“This is the 21st day of my participation in the First Challenge 2022. For details: First Challenge 2022.”
46. Translate numbers into strings
Force button topic link
Given a number, we translate it as a string as follows: 0 to “a”, 1 to “b”… 11 translated as “L”… 25 translates as “Z”. A number can have multiple translations. Program to implement a function that calculates how many different ways a number can be translated.
Example 1:
Input: 12258 Output: 5 Explanation: 12258 has 5 different translations, which are “bCCFI “,” bwFI “, “BCZI “,” MCFI “and “mzi”
Tip:
0 <= num < 2^31
Ideas:
This problem can be solved using dynamic programming. First, we need to find the dynamic programming equation:
- First of all define
dp[i]
saidi
Bit digital solutions. - If the first
i
Digit and digiti - 1
Bits of numbers can be combined and translated into strings. So,dp[i] = dp[i - 1] + dp[i - 2]
. The reason is that the last two digits can be combined or translated separately. In other words, when you unpack it, it’sdp[i - 1]
The number of; When it comes time to merge, it isdp[i - 2]
So the sum of the two is equal todp[i]
- If the first
i
Digit and digiti - 1
Digits cannot be combined. So,dp[i] = dp[i - 1]
. - Finally, you need to find the initial values for the dynamic programming. Available:
dp[0] = dp[1] = 1
. In other words,0
A digital and1
There’s only one way to translate a number.

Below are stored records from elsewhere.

lemma nn_integral_le_of_tail_bound:
  fixes g :: "'a \<Rightarrow> real"
  assumes [measurable]: "g \<in> borel_measurable M" and space: "emeasure M (space M) \<le> 1"
    and s: "0 < s" and C: "0 \<le> C"
    and tail: "\<And>t. 0 < t \<Longrightarrow> emeasure M {x \<in> space M. t < g x} \<le> ennreal (C * (s / t)\<^sup>2)"
  shows "(\<integral>\<^sup>+x. ennreal (g x) \<partial>M) \<le> ennreal ((1 + 4 * C) * s)"
proof -
  define E where "E k = {x \<in> space M. s * 2 ^ k < g x}" for k :: nat
  have [measurable]: "E k \<in> sets M" for k
    unfolding E_def by measurable
  have "(\<integral>\<^sup>+x. ennreal (g x) \<partial>M) \<le> (\<integral>\<^sup>+x. ennreal s + (\<Sum>k. ennreal (s * 2 ^ Suc k) * indicator (E k) x) \<partial>M)"
  proof (rule nn_integral_mono)
    fix x assume "x \<in> space M"
    then have "(indicator (E k) x :: ennreal) = of_bool (s * 2 ^ k < g x)" for k
      by (simp add: E_def indicator_def)
    then show "ennreal (g x) \<le> ennreal s + (\<Sum>k. ennreal (s * 2 ^ Suc k) * indicator (E k) x)"
      by (simp only: ennreal_le_dyadic_tail_sum[OF s])
  qed
  also have "\<dots> = ennreal s * emeasure M (space M) + (\<Sum>k. ennreal (s * 2 ^ Suc k) * emeasure M (E k))"
    by (simp add: nn_integral_add nn_integral_suminf nn_integral_cmult_indicator)
  also have "\<dots> \<le> ennreal s * 1 + (\<Sum>k. ennreal (2 * C * s * (1 / 2) ^ k))"
  proof (intro add_mono mult_left_mono suminf_le)
    fix k
    have "ennreal (s * 2 ^ Suc k) * emeasure M (E k) \<le> ennreal (s * 2 ^ Suc k) * ennreal (C * (s / (s * 2 ^ k))\<^sup>2)"
      unfolding E_def using s by (intro mult_left_mono tail) auto
    also have "\<dots> = ennreal (2 * C * s * (1 / 2) ^ k)"
      using s C by (simp add: ennreal_mult[symmetric] power2_eq_square field_simps)
    finally show "ennreal (s * 2 ^ Suc k) * emeasure M (E k) \<le> ennreal (2 * C * s * (1 / 2) ^ k)" .
  qed (use space in auto)
  also have "(\<Sum>k. ennreal (2 * C * s * (1 / 2) ^ k)) = ennreal (\<Sum>k. 2 * C * s * (1 / 2) ^ k)"
    using s C by (intro suminf_ennreal2 summable_mult summable_geometric) auto
  also have "(\<Sum>k. 2 * C * s * (1 / 2 :: real) ^ k) = 4 * C * s"
    using suminf_geometric[of "1 / 2 :: real"] by (subst suminf_mult) (auto simp: summable_geometric)
  finally show ?thesis
    using s C by (simp add: ennreal_plus[symmetric] algebra_simps del: ennreal_plus)
qed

Having found the dynamic programming equation, we now need to think about how to write the code. Code first:
Dynamic programming
/ * * *@param {number} num
* @return {number}* /
var translateNum = function(num) {
let s = String(num);
let a = 1;
let b = 1;
for (let i = 2; i <= s.length; i++) {
let temp = s.slice(i - 2, i);
let c = (temp >= '10') && (temp <= '25')? a + b : a; b = a; a = c; }return a;
};
Copy the code
- Time complexity O(n).
- Space complexity O(n).
Analysis:
To facilitate traversal, the number is first converted to a string for processing. Initialize the values of dp[0] and dp[1], both of which are 1.
Then loop through the string. Notice the loop condition here, because we need to cut two bits of the string to see if they can be combined. Since the Slice method is a left-closed and right-open interval, we traverse from the third bit, at index 2. And the termination condition is I ≤ S. length, again because it’s closed on the left and open on the right.
The truncated string is then used for comparison. If two characters can be combined or separated. Dp [I] = dp[i-1] + dp[i-2], so c = a + b. If dp[I] = dp[i-1] cannot be combined, c = a is executed.
Since dp[I] is only associated with the first two numbers, this is saved by maintaining additional variables. By alternating variables, the final result is the value of variable A, which can be returned.
In terms of complexity, time complexity is the number of traversal times of the string. Space complexity is the extra space required to convert to strings.
conclusion
Think of it as a special step-hopping problem, where each step has a number on it. The particularity lies in the fact that it is optional to jump one step or two steps. To jump two steps in this problem, one condition must be met, that is, only when the decimal number of the digits on the two steps to jump is between 10 and 25 can we jump.